Raymond B. answered • 02/16/22
Math, microeconomics or criminal justice
y' = 2x = the slope of the tangent line
but don't plug in the point, (yet), it's not on the parabola
it may help to sketch the graph and plot the point
it's an upward opening parabola with vertex (0,1)
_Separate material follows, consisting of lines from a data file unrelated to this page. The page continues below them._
lemma tangle_of_bramble_orientation:
  assumes "is_graph V E" and "is_bramble V E \<B>" and "no_small_cover V \<B> k"
  shows "is_orientation V E k (tangle_of_bramble V E k \<B>)"
  unfolding is_orientation_def
proof (intro conjI ballI impI)
  let ?Or = "tangle_of_bramble V E k \<B>"
  show "?Or \<subseteq> vSk V E k" unfolding tangle_of_bramble_def by blast
  fix s assume s: "s \<in> vSk V E k"
  obtain A B where AB: "s = (A, B)" by (cases s)
  have inv: "sep_inv s \<in> vSk V E k" using sep_inv_vSk[OF assms(1) s] .
  obtain X where "X \<in> \<B>" "X \<subseteq> A - B \<or> X \<subseteq> B - A"
    using bramble_meets_a_side[OF assms, of A B] s unfolding AB by blast
  then show "s \<in> ?Or \<or> sep_inv s \<in> ?Or"
    using s inv unfolding AB tangle_of_bramble_def sep_inv_def by auto
  have sep: "oriented_sep V E (A, B)" using s unfolding AB vSk_def by simp
  show "\<not> (s \<in> ?Or \<and> sep_inv s \<in> ?Or)"
    using bramble_not_on_both_sides[OF assms(1,2) sep]
    unfolding AB tangle_of_bramble_def sep_inv_def by auto
qed

(* If (B,A) and (C,D) with (A,B) \<le> (C,D) both point to bramble sets X, Y, then
   X \<subseteq> A - B and Y \<subseteq> D - C \<subseteq> B - A, contradicting touching. *)
lemma tangle_of_bramble_consistent:
  assumes "is_graph V E" and "is_bramble V E \<B>"
  shows "is_consistent V E k (tangle_of_bramble V E k \<B>)"
  unfolding is_consistent_def
proof (rule notI)
  assume "\<exists>r\<in>vSk V E k. \<exists>s\<in>vSk V E k. {r, sep_inv r} \<noteq> {s, sep_inv s} \<and> sep_le r s \<and>
    r \<noteq> s \<and> sep_inv r \<in> tangle_of_bramble V E k \<B> \<and> s \<in> tangle_of_bramble V E k \<B>"
  then obtain r s where r: "r \<in> vSk V E k" and le: "sep_le r s"
    and r_inv: "sep_inv r \<in> tangle_of_bramble V E k \<B>" and s: "s \<in> tangle_of_bramble V E k \<B>"
    by blast
  obtain A B where AB: "r = (A, B)" by (cases r)
  obtain C D where CD: "s = (C, D)" by (cases s)
  obtain X where X: "X \<in> \<B>" "X \<subseteq> A - B"
    using r_inv unfolding AB tangle_of_bramble_def sep_inv_def by auto
  obtain Y where Y: "Y \<in> \<B>" "Y \<subseteq> D - C" using s unfolding CD tangle_of_bramble_def by auto
  have "Y \<subseteq> B - A" using Y(2) le unfolding AB CD sep_le_def by auto
  moreover have "oriented_sep V E (A, B)" using r unfolding AB vSk_def by simp
  ultimately show False using bramble_not_on_both_sides[OF assms] X Y(1) by blast
qed

(* A star \<sigma> in the orientation with |\<Inter> B_i| < k is impossible: some bramble set X
   avoids \<Inter> B_i, so some (A,B) \<in> \<sigma> has a vertex of X in A - B; X avoids A \<inter> B
   (which lies in \<Inter> B_i), so X \<subseteq> A - B, while (A,B) points to a bramble set in B - A. *)
lemma tangle_of_bramble_Fk_free:
  assumes "is_graph V E" and "is_bramble V E \<B>" and "no_small_cover V \<B> k"
    and "\<sigma> \<subseteq> tangle_of_bramble V E k \<B>"
  shows "\<sigma> \<notin> Fk V E k"
proof
  assume "\<sigma> \<in> Fk V E k"
  then have \<sigma>: "\<sigma> \<subseteq> vSk V E k" "is_star \<sigma>" "card (\<Inter> (snd ` \<sigma>)) < k"
    unfolding Fk_def by auto
  let ?Z = "\<Inter> (snd ` \<sigma>)"
  have "\<sigma> \<noteq> {}" using \<sigma>(2) unfolding is_star_def by simp
  then have "?Z \<subseteq> V" using \<sigma>(1) unfolding vSk_def oriented_sep_def by blast
  then obtain X where X: "X \<in> \<B>" "?Z \<inter> X = {}"
    using assms(3) \<sigma>(3) unfolding no_small_cover_def by blast
  have X_conn: "connected_in E X" "X \<subseteq> V" using assms(2) X(1) unfolding is_bramble_def by auto
  then obtain x where x: "x \<in> X" unfolding connected_in_def by blast
  then have "x \<notin> ?Z" using X(2) by blast
  then obtain A B where AB: "(A, B) \<in> \<sigma>" "x \<notin> B" by force
  have sep: "oriented_sep V E (A, B)" using AB(1) \<sigma>(1) unfolding vSk_def by auto
  have "A \<inter> B \<subseteq> ?Z" using star_separator_in_Inter[OF \<sigma>(2) AB(1)] by simp
  then have "X \<inter> (A \<inter> B) = {}" using X(2) by blast
  then have "X \<subseteq> A - B \<or> X \<subseteq> B - A"
    using connected_avoiding_separator[OF assms(1) sep X_conn] by blast
  then have "X \<subseteq> A - B" using x AB(2) by blast
  moreover obtain Y where "Y \<in> \<B>" "Y \<subseteq> B - A"
    using AB(1) assms(4) unfolding tangle_of_bramble_def by auto
  ultimately show False using bramble_not_on_both_sides[OF assms(1,2) sep X(1)] by blast
qed

lemma bramble_gives_tangle:
  assumes "is_graph V E" and "is_bramble V E \<B>" and "no_small_cover V \<B> k"
  shows "is_Fk_tangle V E k (tangle_of_bramble V E k \<B>)"
  unfolding is_Fk_tangle_def
  using tangle_of_bramble_orientation[OF assms] tangle_of_bramble_consistent[OF assms(1,2)]
    tangle_of_bramble_Fk_free[OF assms] by blast

definition nbr :: "'a set \<Rightarrow> ('a \<Rightarrow> 'a \<Rightarrow> bool) \<Rightarrow> 'a set \<Rightarrow> 'a set" where
  "nbr V E C = {v \<in> V - C. \<exists>c\<in>C. E c v}"

definition comp_sep :: "'a set \<Rightarrow> ('a \<Rightarrow> 'a \<Rightarrow> bool) \<Rightarrow> 'a set \<Rightarrow> 'a set \<times> 'a set" where
  "comp_sep V E C = (V - C, C \<union> nbr V E C)"

lemma nbr_subset: "nbr V E C \<subseteq> V - C"
  unfolding nbr_def by blast

lemma comp_sep_vSk:
  assumes "is_graph V E" and "C \<subseteq> V" and "card (nbr V E C) < k"
  shows "comp_sep V E C \<in> vSk V E k"
proof -
  have "fst (comp_sep V E C) \<inter> snd (comp_sep V E C) = nbr V E C"
    unfolding comp_sep_def using nbr_subset[of V E C] by auto
  moreover have "oriented_sep V E (comp_sep V E C)"
    using assms(1,2) unfolding oriented_sep_def comp_sep_def nbr_def is_graph_def by auto
  ultimately show ?thesis unfolding vSk_def using assms(3) by auto
qed

definition bramble_of_tangle ::
  "'a set \<Rightarrow> ('a \<Rightarrow> 'a \<Rightarrow> bool) \<Rightarrow> nat \<Rightarrow> ('a set \<times> 'a set) set \<Rightarrow> 'a set set" where
  "bramble_of_tangle V E k Or =
     {C. C \<subseteq> V \<and> connected_in E C \<and> card (nbr V E C) < k \<and> comp_sep V E C \<in> Or}"

(* Two non-touching sets C, D of the bramble would give (D \<union> N(D), V - D) \<le> (V - C, C \<union> N(C))
   with the inverse of the first and the second in the tangle, violating consistency. *)
lemma bramble_of_tangle_touch:
  assumes "is_graph V E" and "is_Fk_tangle V E k Or"
    and "C \<in> bramble_of_tangle V E k Or" and "D \<in> bramble_of_tangle V E k Or"
  shows "touch E C D"
proof (rule ccontr)
  assume "\<not> touch E C D"
  then have disj: "C \<inter> D = {}" and no_edge: "\<And>c d. c \<in> C \<Longrightarrow> d \<in> D \<Longrightarrow> \<not> E c d"
    unfolding touch_def by auto
  have C: "C \<subseteq> V" "C \<noteq> {}" "card (nbr V E C) < k" "comp_sep V E C \<in> Or"
    using assms(3) unfolding bramble_of_tangle_def connected_in_def by auto
  have D: "D \<subseteq> V" "D \<noteq> {}" "card (nbr V E D) < k" "comp_sep V E D \<in> Or"
    using assms(4) unfolding bramble_of_tangle_def connected_in_def by auto
  have ori: "is_orientation V E k Or" and con: "is_consistent V E k Or"
    using assms(2) unfolding is_Fk_tangle_def by auto
  let ?r = "sep_inv (comp_sep V E D)" and ?s = "comp_sep V E C"
  have D_vSk: "comp_sep V E D \<in> vSk V E k" using comp_sep_vSk[OF assms(1) D(1,3)] .
  have r_vSk: "?r \<in> vSk V E k" using sep_inv_vSk[OF assms(1) D_vSk] .
  have s_vSk: "?s \<in> vSk V E k" using comp_sep_vSk[OF assms(1) C(1,3)] .
  have "nbr V E C \<inter> D = {}" "nbr V E D \<inter> C = {}"
    using disj no_edge assms(1) unfolding nbr_def is_graph_def by blast+
  then have le: "sep_le ?r ?s"
    using C(1) D(1) disj nbr_subset[of V E C] nbr_subset[of V E D]
    unfolding sep_le_def sep_inv_def comp_sep_def by auto
  have D_proper: "comp_sep V E D \<noteq> sep_inv (comp_sep V E D)"
    using D(1,2) unfolding comp_sep_def sep_inv_def by auto
  have r_ne_s: "?r \<noteq> ?s"
  proof
    assume "?r = ?s"
    then have "sep_inv (comp_sep V E D) \<in> Or" using C(4) by simp
    then show False using ori D_vSk D_proper D(4) unfolding is_orientation_def by blast
  qed
  have "{?r, sep_inv ?r} \<noteq> {?s, sep_inv ?s}"
  proof
    assume "{?r, sep_inv ?r} = {?s, sep_inv ?s}"
    then have "?r = sep_inv ?s" using r_ne_s by (auto simp: doubleton_eq_iff)
    then have "V - D = V - C" unfolding sep_inv_def comp_sep_def by simp
    then show False using C(1,2) D(1) disj by blast
  qed
  moreover have "sep_inv ?r \<in> Or" using D(4) by simp
  ultimately show False
    using con r_vSk s_vSk le r_ne_s C(4) unfolding is_consistent_def by blast
qed

definition avoid_edge :: "'a set \<Rightarrow> ('a \<Rightarrow> 'a \<Rightarrow> bool) \<Rightarrow> 'a set \<Rightarrow> 'a \<Rightarrow> 'a \<Rightarrow> bool" where
  "avoid_edge V E Z a b \<longleftrightarrow> a \<in> V - Z \<and> b \<in> V - Z \<and> E a b"

definition component :: "'a set \<Rightarrow> ('a \<Rightarrow> 'a \<Rightarrow> bool) \<Rightarrow> 'a set \<Rightarrow> 'a \<Rightarrow> 'a set" where
  "component V E Z v = {u. (avoid_edge V E Z)\<^sup>*\<^sup>* v u}"

lemma component_self: "v \<in> component V E Z v"
  unfolding component_def by simp

lemma component_subset:
  assumes "v \<in> V - Z"
  shows "component V E Z v \<subseteq> V - Z"
proof
  fix u assume "u \<in> component V E Z v"
  then have "(avoid_edge V E Z)\<^sup>*\<^sup>* v u" unfolding component_def by simp
  then show "u \<in> V - Z"
    by (induction rule: rtranclp_induct) (use assms in \<open>auto simp: avoid_edge_def\<close>)
qed

lemma component_eq:
  assumes "is_graph V E" and "u \<in> component V E Z v"
  shows "component V E Z u = component V E Z v"
proof -
  have "symp (avoid_edge V E Z)"
    using assms(1) unfolding symp_def avoid_edge_def is_graph_def by blast
  then have "equivp (avoid_edge V E Z)\<^sup>*\<^sup>*" by (rule equivp_rtranclp)
  moreover have "(avoid_edge V E Z)\<^sup>*\<^sup>* v u" using assms(2) unfolding component_def by simp
  ultimately have "(avoid_edge V E Z)\<^sup>*\<^sup>* v = (avoid_edge V E Z)\<^sup>*\<^sup>* u"
    by (metis equivp_def)
  then show ?thesis unfolding component_def by simp
qed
(-1,-3) is below and to the left of the vertex. two lines through the point tangent to the parabola and through (-1,-3) will have a positive slope and the other line a negative slope. one point of tangency will be in quadrant I and the other in quadrant II.
y+3 = 2x(x+1)
x^2 +1 +3 = 2x^2 +2x
x^2 +2x -4 = 0
x = -1 + or - sqr5
y = (-1-sqr5)^2 +1, or (-1+sqr5)^2 +1
x = about -3.2 or 1.2
y = 2.44 or 11.24
tangent points are (-3.2, 2.44) and (1.2, 11.24
tangent lines have slopes = 2x = -2+2sqr5 or -2-2sqr5 = about 2.4 or -6.4
the lines are y =(-2+2sqr5)x + b, solve for b by plugging in (-1,-3)
-3 = (-2 +2sqr5)(-1) + b
b = -3 -2 -2sqr5 = -5 +2sqr5
one tangent line is y = (-2+2sqr5)x -5 +2sqr5
the other line is y = (-2-2sqr5)x + b, find b by plugging in (-1,-3)
-3 = (-2-2sqr5)(-1) + b
b = -3 -2 -2sqr5
the 2nd tangent line is y = (-2-2sqr5)x -5 -2sqr5
or about
y = 2.44x - 0.6
and
y = -6.4x -9.4
(I can't guarantee the arithmetic, but from looking at a rough sketch of the graph and lines, it looks about right. still the answer seems to unnecessarily irrational, maybe there's a mistake or typo in the problem?)